Chicago Public School Teacher Compensation

In this second installment of my blog series on public education in Chicago leading up to the contract negotiations between the city and the Chicago Teachers Union, I will examine the current compensation system for teachers.

In the first post in this series I compared the performance of Chicago Public Schools to other large Illinois school districts.

This post is meant to examine how teachers in Chicago are compensated compared to the average full time employee living in the city, whose property taxes largely fund the school system.

Since each school district is allowed to govern its own school expenses and teacher compensation, it is useful to line up teacher compensation with that of district taxpayers. It is also important to compare compensation with district student outcomes to see if taxpayers are getting results.

As with the first post in this series, this one is primarily designed to present facts rather than render an opinion.


Teacher hours worked:

There are 170 full school days during which a teacher averages 11 hours of total work. This would total about 1,870 hours of work annually.

According to a report from the University of Illinois’s Labor Education Program, teachers in Chicago work an average of 3.75 hours per weekend during the 38 weekends that make up the school year. This would total about 143 hours of work each year.

There are 2 days of teacher attendance in the absence of students during which teachers work about 8 hours a day. This would total about 16 hours of work in a year.

There are 7 built-in CPS teacher Institute Days. If putting in about 8 hours per day, this would total about 56 hours a year for the average CPS teacher.

During the summer, teachers may spend up to 30 hours on professional development and another 50 hours on preparation for the coming year. This would add up to about 80 hours per year.

Based on these generous  assumptions, the average CPS teacher works about 207 days a year or about 2,165 hours per year. 

Teacher benefits:

Teachers get 2.5 months off in June, July and August, 1 week paid time off in December, 1 week paid time off in April and 10 paid vacation days on the CPS calendar.

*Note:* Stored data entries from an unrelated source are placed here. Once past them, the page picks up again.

lemma regular_unit_polygon_recurrence:
  "p ((j+3) mod k) - (1 + 2 * cos (2*pi/k)) *\<^sub>R p ((j+2) mod k)
     + (1 + 2 * cos (2*pi/k)) *\<^sub>R p ((j+1) mod k) - p (j mod k) = 0"
proof -
  obtain c r u w where p: "\<And>j. p (j mod k) = circle_point c r u w (j * (2*pi/k))"
    using regular_unit_polygon_circle[OF reg] by metis
  define h where "h = 2*pi/k"
  have "real (j+1) * h = real j * h + h" "real (j+2) * h = real j * h + 2 * h"
    "real (j+3) * h = real j * h + 3 * h"
    by (simp_all add: algebra_simps)
  then show ?thesis
    using circle_point_three_term_recurrence[of c r u w] unfolding p h_def[symmetric] by simp
qed

end

lemma gram_determinant_nonneg:
  fixes x y z :: "'a::real_inner"
  assumes "norm x = 1" "norm y = 1" "norm z = 1" "\<bar>inner x y\<bar> < 1"
  shows "1 - (inner x y)\<^sup>2 - (inner y z)\<^sup>2 - (inner x z)\<^sup>2 + 2 * inner x y * inner y z * inner x z \<ge> 0"
proof -
  define p q s where "p = inner x y" and "q = inner y z" and "s = inner x z"
  have "inner x x = 1" "inner y y = 1" "inner z z = 1"
    using assms(1-3) by (simp_all add: dot_square_norm)
  then have sq: "0 \<le> t\<^sup>2 + l\<^sup>2 + m\<^sup>2 - 2 * l * t * s - 2 * m * t * q + 2 * l * m * p" for l m t
    using inner_ge_zero[of "t *\<^sub>R z - l *\<^sub>R x - m *\<^sub>R y"] unfolding p_def q_def s_def
    by (simp add: inner_diff_left inner_diff_right inner_commute power2_eq_square algebra_simps)
  define D where "D = 1 - p\<^sup>2"
  have "D > 0" using assms(4) unfolding D_def p_def by (simp add: abs_square_less_1)
  \<comment> \<open>with these l, m, t the vector t z - l x - m y is D times the part of z orthogonal to x and y\<close>
  moreover have "D\<^sup>2 + (s - p * q)\<^sup>2 + (q - p * s)\<^sup>2 - 2 * (s - p * q) * D * s - 2 * (q - p * s) * D * q
        + 2 * (s - p * q) * (q - p * s) * p = D * (1 - p\<^sup>2 - q\<^sup>2 - s\<^sup>2 + 2 * p * q * s)"
    unfolding D_def by (simp add: power2_eq_square algebra_simps)
  ultimately have "0 \<le> 1 - p\<^sup>2 - q\<^sup>2 - s\<^sup>2 + 2 * p * q * s"
    using sq[where l = "s - p * q" and m = "q - p * s" and t = D] by (simp add: zero_le_mult_iff)
  then show ?thesis unfolding p_def q_def s_def by (simp add: algebra_simps)
qed

lemma angle_sum_le_2pi_if_gram_nonneg:
  fixes a b g :: real
  assumes "0 \<le> a" "a \<le> pi" "0 \<le> b" "b \<le> pi" "0 \<le> g" "g \<le> pi" "a + b \<ge> pi"
    and gram: "1 - (cos a)\<^sup>2 - (cos b)\<^sup>2 - (cos g)\<^sup>2 + 2 * cos a * cos b * cos g \<ge> 0"
  shows "a + b + g \<le> 2 * pi"
proof -
  have "sin a \<ge> 0" "sin b \<ge> 0" using assms by (simp_all add: sin_ge_zero)
  have "(sin a * sin b)\<^sup>2 = (1 - (cos a)\<^sup>2) * (1 - (cos b)\<^sup>2)"
    by (simp only: power_mult_distrib sin_squared_eq)
  then have "1 - (cos a)\<^sup>2 - (cos b)\<^sup>2 - (cos g)\<^sup>2 + 2 * cos a * cos b * cos g
        = (sin a * sin b)\<^sup>2 - (cos g - cos a * cos b)\<^sup>2"
    by (simp add: power2_eq_square algebra_simps)
  with gram have "\<bar>cos g - cos a * cos b\<bar> \<le> \<bar>sin a * sin b\<bar>"
    using abs_le_square_iff by fastforce
  with \<open>sin a \<ge> 0\<close> \<open>sin b \<ge> 0\<close> have "cos (2*pi - (a + b)) \<le> cos g"
    by (simp add: cos_add)
  moreover have "0 \<le> 2*pi - (a + b)" "2*pi - (a + b) \<le> pi" using assms by linarith+
  ultimately have "g \<le> 2*pi - (a + b)"
    using cos_mono_le_eq assms(5,6) by blast
  then show ?thesis by simp
qed

lemma inner_ge_if_equal_inners:
  fixes x y a c :: "'a::real_inner"
  assumes "norm x = 1" "norm y = 1" "norm a = 1" "norm c = 1"
    and "inner x y = - cn" "inner x a = - c5" "inner y a = - c5" "inner x c = - c5" "inner y c = - c5"
    and "cn < 1"
  shows "inner a c \<ge> 4 * c5\<^sup>2 / (1 - cn) - 1"
proof -
  have unit: "inner x x = 1" "inner y y = 1" "inner a a = 1" "inner c c = 1"
    using assms(1-4) by (simp_all add: dot_square_norm)
  define l where "l = - c5 / (1 - cn)"
  have "l * (1 - cn) = - c5" using assms(10) by (simp add: l_def)
  \<comment> \<open>a and c have the same component l (x + y) along the span of x and y\<close>
  have "0 \<le> inner (a + c - (2*l) *\<^sub>R (x + y)) (a + c - (2*l) *\<^sub>R (x + y))" by simp
  also have "\<dots> = 2 + 2 * inner a c + 16 * l * c5 + 8 * l * (l * (1 - cn))"
    using unit assms(5-9)
    by (simp add: inner_diff_left inner_diff_right inner_add_left inner_add_right inner_commute
        power2_eq_square algebra_simps)
  also have "\<dots> = 2 + 2 * inner a c - 8 * c5\<^sup>2 / (1 - cn)"
    unfolding \<open>l * (1 - cn) = - c5\<close> by (simp add: l_def power2_eq_square)
  finally show ?thesis by (simp add: field_simps)
qed

lemma interior_angle_mono: "0 < m \<Longrightarrow> m \<le> k \<Longrightarrow> interior_angle m \<le> interior_angle k"
  unfolding interior_angle_def by (simp add: frac_le)

lemma cos_interior_angle: "cos (interior_angle k) = - cos (2*pi/k)"
  by (simp add: interior_angle_def cos_diff)

lemma cos_2pi_div_mono:
  fixes m k :: nat
  assumes "2 \<le> m" "m \<le> k"
  shows "cos (2*pi/m) \<le> cos (2*pi/k)"
proof (rule cos_monotone_0_pi_le)
  show "2*pi/k \<le> 2*pi/m" using assms by (intro divide_left_mono) auto
  show "0 \<le> 2*pi/k" by simp
  show "2*pi/m \<le> pi" using assms by (simp add: field_simps)
qed

lemma cos_2pi_div_bounds:
  assumes "(n::nat) \<ge> 7"
  shows "1/2 < cos (2*pi/n)" "cos (2*pi/n) < 1"
proof -
  have "2*pi/n \<le> 2*pi/7" using assms by (intro divide_left_mono) auto
  also have "\<dots> < pi/3" by simp
  finally have lt: "2*pi/n < pi/3" .
  have pos: "0 < 2*pi/n" using assms by simp
  show "1/2 < cos (2*pi/n)"
    using cos_monotone_0_pi[of "2*pi/n" "pi/3"] lt pos by (simp add: cos_60)
  show "cos (2*pi/n) < 1"
    using cos_monotone_0_pi[of 0 "2*pi/n"] lt pos by simp
qed

lemma cos_2pi_div_5:
  "4 * (cos (2*pi/5))\<^sup>2 = 1 - 2 * cos (2*pi/5)" "cos (2*pi/5) < 1/3"
proof -
  define c where "c = cos (2*pi/5)"
  \<comment> \<open>c \<noteq> 1 is a root of cos (3 t) = cos (2 t)\<close>
  have "cos (3 * (2*pi/5)) = cos (2 * (2*pi/5))"
    using cos_2pi_minus[of "2 * (2*pi/5)"] by simp
  then have "(c - 1) * (4 * c\<^sup>2 + 2 * c - 1) = 0"
    unfolding c_def cos_treble_cos cos_double_cos by (simp add: algebra_simps power2_eq_square power3_eq_cube)
  moreover have "c < 1" using cos_monotone_0_pi[of 0 "2*pi/5"] by (simp add: c_def)
  ultimately have q: "4 * c\<^sup>2 + 2 * c - 1 = 0" by simp
  then show "4 * (cos (2*pi/5))\<^sup>2 = 1 - 2 * cos (2*pi/5)" by (simp add: c_def)
  have "c < 1/3"
  proof (rule ccontr)
    assume "\<not> c < 1/3"
    then have "c\<^sup>2 \<ge> (1/3)\<^sup>2" by (intro power_mono) auto
    then show False using q \<open>\<not> c < 1/3\<close> by (simp add: power2_eq_square)
  qed
  then show "cos (2*pi/5) < 1/3" by (simp add: c_def)
qed

lemma mod_add_neq:
  fixes j d k :: nat
  assumes "0 < d" "d < k"
  shows "j mod k \<noteq> (j + d) mod k"
proof
  assume "j mod k = (j + d) mod k"
  then have "k dvd d" using mod_eq_dvd_iff_nat[of j "j + d" k] by simp
  with assms show False using nat_dvd_not_less by blast
qed

definition corner :: "'v list \<Rightarrow> nat \<Rightarrow> 'v" where
  "corner g j = g ! (j mod length g)"

definition face_edges_at :: "'v list \<Rightarrow> 'v \<Rightarrow> 'v set set" where
  "face_edges_at g v = {e \<in> face_edges g. v \<in> e}"

context
  fixes g :: "'v list"
  assumes distinct: "distinct g" and length_ge_3: "length g \<ge> 3"
begin

lemma corner_eq_iff: "corner g i = corner g j \<longleftrightarrow> i mod length g = j mod length g"
proof -
  have "length g > 0" using length_ge_3 by linarith
  then show ?thesis unfolding corner_def using distinct by (simp add: nth_eq_iff_index_eq)
qed

lemma corner_Suc_eq_iff: "corner g (i+1) = corner g (j+1) \<longleftrightarrow> corner g i = corner g j"
  unfolding corner_eq_iff by (simp add: nat_mod_eq_iff)

lemma corner_add_length: "corner g (j + length g) = corner g j"
  by (simp add: corner_def)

CPS teachers receive 10 sick days per year.

CPS teachers receive health coverage and are required to pay a contribution from their base salary toward the plan. Currently the average contribution for a CPS teacher with a family is 1.8% of their base salary. Thus, the average teacher pays $1,282 toward the cost of their health plan. The range in employee contribution is from 1.3% – 2.8% depending on the level of coverage selected.

Teachers hired after 1986 also pay the Medicare Tax (1.45% of base salary, matched by CPS). The average CPS teacher would pay about $1,033.

The average CPS teacher contribution toward the defined benefit Chicago Teachers Pension Fund (CTPF) is 2% of their base salary (an average of $1,425). Meanwhile, CPS figures out what 7% of a teacher’s base salary is and adds that number on top of their base salary as additional compensation that goes into the CTPF. The average CPS pension bonus is a little less than $5,000  per year.

CPS teachers paid $1,000.24 in union dues in 2011

Average annual totals for a CPS teacher:

Base Salary: $71,236

Pension: $1,424.72 paid by the average teacher; $4,987 paid by CPS. 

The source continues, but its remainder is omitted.